▶ **Work request**
Retype the records below from their first line through the line containing "levels_def by simp", and include nothing else.

Saved data entries
==============================
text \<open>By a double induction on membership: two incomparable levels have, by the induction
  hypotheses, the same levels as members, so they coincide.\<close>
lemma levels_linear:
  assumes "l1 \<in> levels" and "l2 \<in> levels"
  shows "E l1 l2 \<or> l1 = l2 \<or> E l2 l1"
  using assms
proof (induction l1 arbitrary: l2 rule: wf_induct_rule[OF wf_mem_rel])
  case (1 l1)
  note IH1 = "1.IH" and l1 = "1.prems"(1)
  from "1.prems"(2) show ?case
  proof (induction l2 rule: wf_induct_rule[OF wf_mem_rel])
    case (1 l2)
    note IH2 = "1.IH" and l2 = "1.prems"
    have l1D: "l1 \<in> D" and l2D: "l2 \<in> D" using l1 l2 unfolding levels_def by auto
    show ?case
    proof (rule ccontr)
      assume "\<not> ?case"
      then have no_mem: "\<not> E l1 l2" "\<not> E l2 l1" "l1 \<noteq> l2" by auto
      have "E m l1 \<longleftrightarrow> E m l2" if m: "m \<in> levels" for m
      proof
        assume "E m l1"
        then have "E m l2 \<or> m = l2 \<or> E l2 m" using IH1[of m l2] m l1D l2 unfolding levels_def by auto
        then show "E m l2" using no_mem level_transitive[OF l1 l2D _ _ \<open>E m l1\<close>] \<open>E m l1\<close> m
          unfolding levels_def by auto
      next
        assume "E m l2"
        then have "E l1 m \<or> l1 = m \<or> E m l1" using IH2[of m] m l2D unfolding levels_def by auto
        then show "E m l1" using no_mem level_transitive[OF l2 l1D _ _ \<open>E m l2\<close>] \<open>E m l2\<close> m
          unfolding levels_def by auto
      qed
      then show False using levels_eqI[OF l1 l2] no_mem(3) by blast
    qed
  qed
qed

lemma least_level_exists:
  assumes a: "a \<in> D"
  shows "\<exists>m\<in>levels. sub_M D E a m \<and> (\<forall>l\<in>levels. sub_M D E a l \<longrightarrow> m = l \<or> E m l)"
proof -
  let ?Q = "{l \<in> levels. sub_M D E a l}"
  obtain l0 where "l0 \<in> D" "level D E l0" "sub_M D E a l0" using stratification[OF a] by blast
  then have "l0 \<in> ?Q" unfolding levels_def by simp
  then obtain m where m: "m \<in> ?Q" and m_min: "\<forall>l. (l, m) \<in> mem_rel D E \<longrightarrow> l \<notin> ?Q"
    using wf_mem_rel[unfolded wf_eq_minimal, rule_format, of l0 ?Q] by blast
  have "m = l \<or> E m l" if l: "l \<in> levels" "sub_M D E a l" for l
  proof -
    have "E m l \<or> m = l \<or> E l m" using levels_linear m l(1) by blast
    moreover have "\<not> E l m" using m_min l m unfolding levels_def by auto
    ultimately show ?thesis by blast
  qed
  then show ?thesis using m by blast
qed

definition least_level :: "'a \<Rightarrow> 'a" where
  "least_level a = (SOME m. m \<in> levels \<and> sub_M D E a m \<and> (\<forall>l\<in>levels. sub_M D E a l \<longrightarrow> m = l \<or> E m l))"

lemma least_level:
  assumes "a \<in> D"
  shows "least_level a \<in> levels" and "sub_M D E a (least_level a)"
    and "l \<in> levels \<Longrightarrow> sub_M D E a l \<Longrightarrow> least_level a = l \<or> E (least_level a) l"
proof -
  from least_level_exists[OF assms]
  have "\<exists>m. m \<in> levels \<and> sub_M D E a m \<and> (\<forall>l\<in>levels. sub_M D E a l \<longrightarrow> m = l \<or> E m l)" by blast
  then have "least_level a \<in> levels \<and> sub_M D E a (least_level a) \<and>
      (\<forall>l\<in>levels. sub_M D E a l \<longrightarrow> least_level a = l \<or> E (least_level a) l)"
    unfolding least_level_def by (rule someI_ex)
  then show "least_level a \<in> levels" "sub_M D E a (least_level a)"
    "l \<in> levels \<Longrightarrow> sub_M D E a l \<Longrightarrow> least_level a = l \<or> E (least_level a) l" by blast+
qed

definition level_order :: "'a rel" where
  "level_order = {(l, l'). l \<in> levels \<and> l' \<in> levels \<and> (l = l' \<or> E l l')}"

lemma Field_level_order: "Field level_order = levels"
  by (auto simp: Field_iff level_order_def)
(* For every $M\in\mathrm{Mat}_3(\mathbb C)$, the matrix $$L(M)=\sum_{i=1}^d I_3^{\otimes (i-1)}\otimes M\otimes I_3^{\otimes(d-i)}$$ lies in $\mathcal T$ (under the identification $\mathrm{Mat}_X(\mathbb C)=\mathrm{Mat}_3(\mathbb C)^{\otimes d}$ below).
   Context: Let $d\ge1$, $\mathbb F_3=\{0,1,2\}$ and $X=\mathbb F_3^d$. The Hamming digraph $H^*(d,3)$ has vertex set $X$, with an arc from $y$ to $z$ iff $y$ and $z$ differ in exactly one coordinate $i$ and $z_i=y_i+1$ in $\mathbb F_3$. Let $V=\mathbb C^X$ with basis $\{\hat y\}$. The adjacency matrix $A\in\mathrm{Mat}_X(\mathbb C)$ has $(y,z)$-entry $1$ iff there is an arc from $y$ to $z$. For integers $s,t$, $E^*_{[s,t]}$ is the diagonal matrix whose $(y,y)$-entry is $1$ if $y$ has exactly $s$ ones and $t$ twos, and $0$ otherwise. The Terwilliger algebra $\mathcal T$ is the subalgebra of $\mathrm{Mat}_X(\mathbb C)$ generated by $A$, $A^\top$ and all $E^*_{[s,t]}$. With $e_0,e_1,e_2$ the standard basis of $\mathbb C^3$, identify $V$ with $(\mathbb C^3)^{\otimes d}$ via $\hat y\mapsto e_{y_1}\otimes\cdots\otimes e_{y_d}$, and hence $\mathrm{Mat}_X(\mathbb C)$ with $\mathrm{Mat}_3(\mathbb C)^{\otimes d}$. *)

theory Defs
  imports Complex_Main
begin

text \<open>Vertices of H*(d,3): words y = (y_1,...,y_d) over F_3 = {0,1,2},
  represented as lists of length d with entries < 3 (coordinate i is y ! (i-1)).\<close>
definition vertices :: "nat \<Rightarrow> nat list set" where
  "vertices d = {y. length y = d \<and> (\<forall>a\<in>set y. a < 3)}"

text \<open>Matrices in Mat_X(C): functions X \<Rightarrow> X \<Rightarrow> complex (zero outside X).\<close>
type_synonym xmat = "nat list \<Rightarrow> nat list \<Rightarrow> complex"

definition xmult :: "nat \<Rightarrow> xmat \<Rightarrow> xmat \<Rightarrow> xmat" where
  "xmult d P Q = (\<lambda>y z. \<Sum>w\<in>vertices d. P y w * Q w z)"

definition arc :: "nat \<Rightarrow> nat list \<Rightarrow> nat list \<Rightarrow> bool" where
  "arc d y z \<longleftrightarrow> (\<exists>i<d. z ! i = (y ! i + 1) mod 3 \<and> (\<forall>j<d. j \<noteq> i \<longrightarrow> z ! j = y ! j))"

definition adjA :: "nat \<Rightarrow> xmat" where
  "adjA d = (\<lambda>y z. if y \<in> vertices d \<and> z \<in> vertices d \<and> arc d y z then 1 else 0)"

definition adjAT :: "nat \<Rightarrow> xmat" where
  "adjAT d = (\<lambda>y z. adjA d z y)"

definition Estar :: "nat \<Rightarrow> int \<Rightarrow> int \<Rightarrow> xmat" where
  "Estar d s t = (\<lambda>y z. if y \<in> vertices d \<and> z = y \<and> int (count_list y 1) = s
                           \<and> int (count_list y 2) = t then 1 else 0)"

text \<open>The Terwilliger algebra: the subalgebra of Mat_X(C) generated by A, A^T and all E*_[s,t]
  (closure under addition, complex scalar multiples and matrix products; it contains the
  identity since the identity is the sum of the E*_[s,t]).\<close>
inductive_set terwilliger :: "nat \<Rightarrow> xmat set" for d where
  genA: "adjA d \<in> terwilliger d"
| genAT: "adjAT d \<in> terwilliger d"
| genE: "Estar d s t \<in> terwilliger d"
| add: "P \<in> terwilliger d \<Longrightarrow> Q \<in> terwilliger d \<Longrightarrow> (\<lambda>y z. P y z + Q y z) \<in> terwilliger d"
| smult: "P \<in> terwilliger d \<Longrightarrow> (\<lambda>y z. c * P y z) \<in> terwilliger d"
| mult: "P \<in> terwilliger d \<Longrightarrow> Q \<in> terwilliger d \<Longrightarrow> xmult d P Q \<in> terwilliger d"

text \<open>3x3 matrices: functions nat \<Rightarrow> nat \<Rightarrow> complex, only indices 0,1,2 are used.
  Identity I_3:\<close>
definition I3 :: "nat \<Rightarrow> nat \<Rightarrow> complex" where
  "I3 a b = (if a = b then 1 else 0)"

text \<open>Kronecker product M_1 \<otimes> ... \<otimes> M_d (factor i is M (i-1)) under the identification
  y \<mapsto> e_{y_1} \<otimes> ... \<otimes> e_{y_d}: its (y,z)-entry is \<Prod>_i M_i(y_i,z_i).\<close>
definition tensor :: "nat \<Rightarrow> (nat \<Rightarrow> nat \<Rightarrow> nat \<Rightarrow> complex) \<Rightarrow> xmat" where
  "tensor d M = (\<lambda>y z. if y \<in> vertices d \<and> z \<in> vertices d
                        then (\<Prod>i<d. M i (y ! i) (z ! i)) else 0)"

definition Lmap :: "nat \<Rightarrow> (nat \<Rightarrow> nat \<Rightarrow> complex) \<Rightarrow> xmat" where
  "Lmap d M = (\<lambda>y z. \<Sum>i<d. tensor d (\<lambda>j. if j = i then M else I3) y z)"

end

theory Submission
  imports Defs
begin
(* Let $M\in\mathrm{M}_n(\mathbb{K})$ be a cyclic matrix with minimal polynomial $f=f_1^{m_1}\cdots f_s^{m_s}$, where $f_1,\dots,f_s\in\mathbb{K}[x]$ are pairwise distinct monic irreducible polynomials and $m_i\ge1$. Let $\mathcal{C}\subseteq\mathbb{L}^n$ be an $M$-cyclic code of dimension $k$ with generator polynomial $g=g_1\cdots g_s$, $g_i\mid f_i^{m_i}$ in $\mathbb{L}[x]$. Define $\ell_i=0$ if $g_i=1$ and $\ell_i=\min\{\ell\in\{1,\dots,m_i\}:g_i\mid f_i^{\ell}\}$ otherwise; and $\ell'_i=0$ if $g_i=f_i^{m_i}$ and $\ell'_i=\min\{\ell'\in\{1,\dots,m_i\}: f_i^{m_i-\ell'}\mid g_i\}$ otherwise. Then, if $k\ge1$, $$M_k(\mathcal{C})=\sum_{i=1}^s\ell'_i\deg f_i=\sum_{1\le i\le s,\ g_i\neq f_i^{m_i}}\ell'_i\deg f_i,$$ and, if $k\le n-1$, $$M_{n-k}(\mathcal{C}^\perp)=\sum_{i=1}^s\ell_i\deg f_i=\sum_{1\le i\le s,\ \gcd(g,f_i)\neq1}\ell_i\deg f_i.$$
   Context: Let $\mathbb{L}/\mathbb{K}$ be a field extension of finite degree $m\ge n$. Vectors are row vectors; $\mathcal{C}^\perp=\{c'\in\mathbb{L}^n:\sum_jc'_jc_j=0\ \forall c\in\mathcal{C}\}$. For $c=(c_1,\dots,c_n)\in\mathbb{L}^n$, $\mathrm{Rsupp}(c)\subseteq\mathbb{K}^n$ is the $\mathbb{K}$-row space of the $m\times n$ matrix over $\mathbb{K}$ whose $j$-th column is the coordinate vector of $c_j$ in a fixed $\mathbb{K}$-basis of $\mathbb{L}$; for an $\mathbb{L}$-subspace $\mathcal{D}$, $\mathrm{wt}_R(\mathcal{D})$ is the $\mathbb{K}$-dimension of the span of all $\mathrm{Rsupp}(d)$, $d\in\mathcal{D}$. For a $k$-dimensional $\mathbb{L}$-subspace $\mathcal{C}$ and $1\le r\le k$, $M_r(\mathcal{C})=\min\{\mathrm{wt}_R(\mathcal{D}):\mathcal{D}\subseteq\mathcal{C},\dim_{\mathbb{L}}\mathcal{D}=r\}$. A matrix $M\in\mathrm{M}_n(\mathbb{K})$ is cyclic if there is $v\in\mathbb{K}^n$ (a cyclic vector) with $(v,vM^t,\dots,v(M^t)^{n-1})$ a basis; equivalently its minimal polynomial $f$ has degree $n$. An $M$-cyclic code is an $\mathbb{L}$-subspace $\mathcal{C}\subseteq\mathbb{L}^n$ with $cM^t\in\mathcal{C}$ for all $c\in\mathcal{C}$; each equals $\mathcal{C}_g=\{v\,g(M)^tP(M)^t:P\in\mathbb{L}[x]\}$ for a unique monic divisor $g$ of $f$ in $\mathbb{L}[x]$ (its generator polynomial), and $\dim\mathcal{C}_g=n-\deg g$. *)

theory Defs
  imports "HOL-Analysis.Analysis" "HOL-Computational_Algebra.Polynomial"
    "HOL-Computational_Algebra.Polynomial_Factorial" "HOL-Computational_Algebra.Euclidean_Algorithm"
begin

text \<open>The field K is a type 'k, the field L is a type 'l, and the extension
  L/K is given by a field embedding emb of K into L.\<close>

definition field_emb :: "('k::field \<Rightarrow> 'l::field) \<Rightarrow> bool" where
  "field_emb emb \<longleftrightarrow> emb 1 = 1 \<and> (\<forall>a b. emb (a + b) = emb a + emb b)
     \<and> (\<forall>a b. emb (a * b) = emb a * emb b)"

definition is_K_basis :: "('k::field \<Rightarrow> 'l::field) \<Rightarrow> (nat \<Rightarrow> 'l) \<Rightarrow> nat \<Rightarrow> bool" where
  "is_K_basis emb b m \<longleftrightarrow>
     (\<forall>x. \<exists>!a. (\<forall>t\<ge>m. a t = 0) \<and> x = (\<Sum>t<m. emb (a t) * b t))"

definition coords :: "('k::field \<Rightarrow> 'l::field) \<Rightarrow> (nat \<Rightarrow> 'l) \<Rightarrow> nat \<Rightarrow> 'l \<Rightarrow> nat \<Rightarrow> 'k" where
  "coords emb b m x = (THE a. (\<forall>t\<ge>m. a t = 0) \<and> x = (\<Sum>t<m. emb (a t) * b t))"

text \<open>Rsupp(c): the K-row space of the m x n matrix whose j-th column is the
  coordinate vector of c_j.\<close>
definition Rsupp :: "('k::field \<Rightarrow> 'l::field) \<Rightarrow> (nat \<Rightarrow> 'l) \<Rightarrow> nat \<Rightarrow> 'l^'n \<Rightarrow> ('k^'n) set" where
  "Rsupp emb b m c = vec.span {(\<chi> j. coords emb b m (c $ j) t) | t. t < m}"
==============================
▶ **Solution below**
text \<open>By a double induction on membership: two incomparable levels have, by the induction
  hypotheses, the same levels as members, so they coincide.\<close>
lemma levels_linear:
  assumes "l1 \<in> levels" and "l2 \<in> levels"
  shows "E l1 l2 \<or> l1 = l2 \<or> E l2 l1"
  using assms
proof (induction l1 arbitrary: l2 rule: wf_induct_rule[OF wf_mem_rel])
  case (1 l1)
  note IH1 = "1.IH" and l1 = "1.prems"(1)
  from "1.prems"(2) show ?case
  proof (induction l2 rule: wf_induct_rule[OF wf_mem_rel])
    case (1 l2)
    note IH2 = "1.IH" and l2 = "1.prems"
    have l1D: "l1 \<in> D" and l2D: "l2 \<in> D" using l1 l2 unfolding levels_def by auto
    show ?case
    proof (rule ccontr)
      assume "\<not> ?case"
      then have no_mem: "\<not> E l1 l2" "\<not> E l2 l1" "l1 \<noteq> l2" by auto
      have "E m l1 \<longleftrightarrow> E m l2" if m: "m \<in> levels" for m
      proof
        assume "E m l1"
        then have "E m l2 \<or> m = l2 \<or> E l2 m" using IH1[of m l2] m l1D l2 unfolding levels_def by auto
        then show "E m l2" using no_mem level_transitive[OF l1 l2D _ _ \<open>E m l1\<close>] \<open>E m l1\<close> m
          unfolding levels_def by auto
      next
        assume "E m l2"
        then have "E l1 m \<or> l1 = m \<or> E m l1" using IH2[of m] m l2D unfolding levels_def by auto
        then show "E m l1" using no_mem level_transitive[OF l2 l1D _ _ \<open>E m l2\<close>] \<open>E m l2\<close> m
          unfolding levels_def by auto
      qed
      then show False using levels_eqI[OF l1 l2] no_mem(3) by blast
    qed
  qed
qed

lemma least_level_exists:
  assumes a: "a \<in> D"
  shows "\<exists>m\<in>levels. sub_M D E a m \<and> (\<forall>l\<in>levels. sub_M D E a l \<longrightarrow> m = l \<or> E m l)"
proof -
  let ?Q = "{l \<in> levels. sub_M D E a l}"
  obtain l0 where "l0 \<in> D" "level D E l0" "sub_M D E a l0" using stratification[OF a] by blast
  then have "l0 \<in> ?Q" unfolding levels_def by simp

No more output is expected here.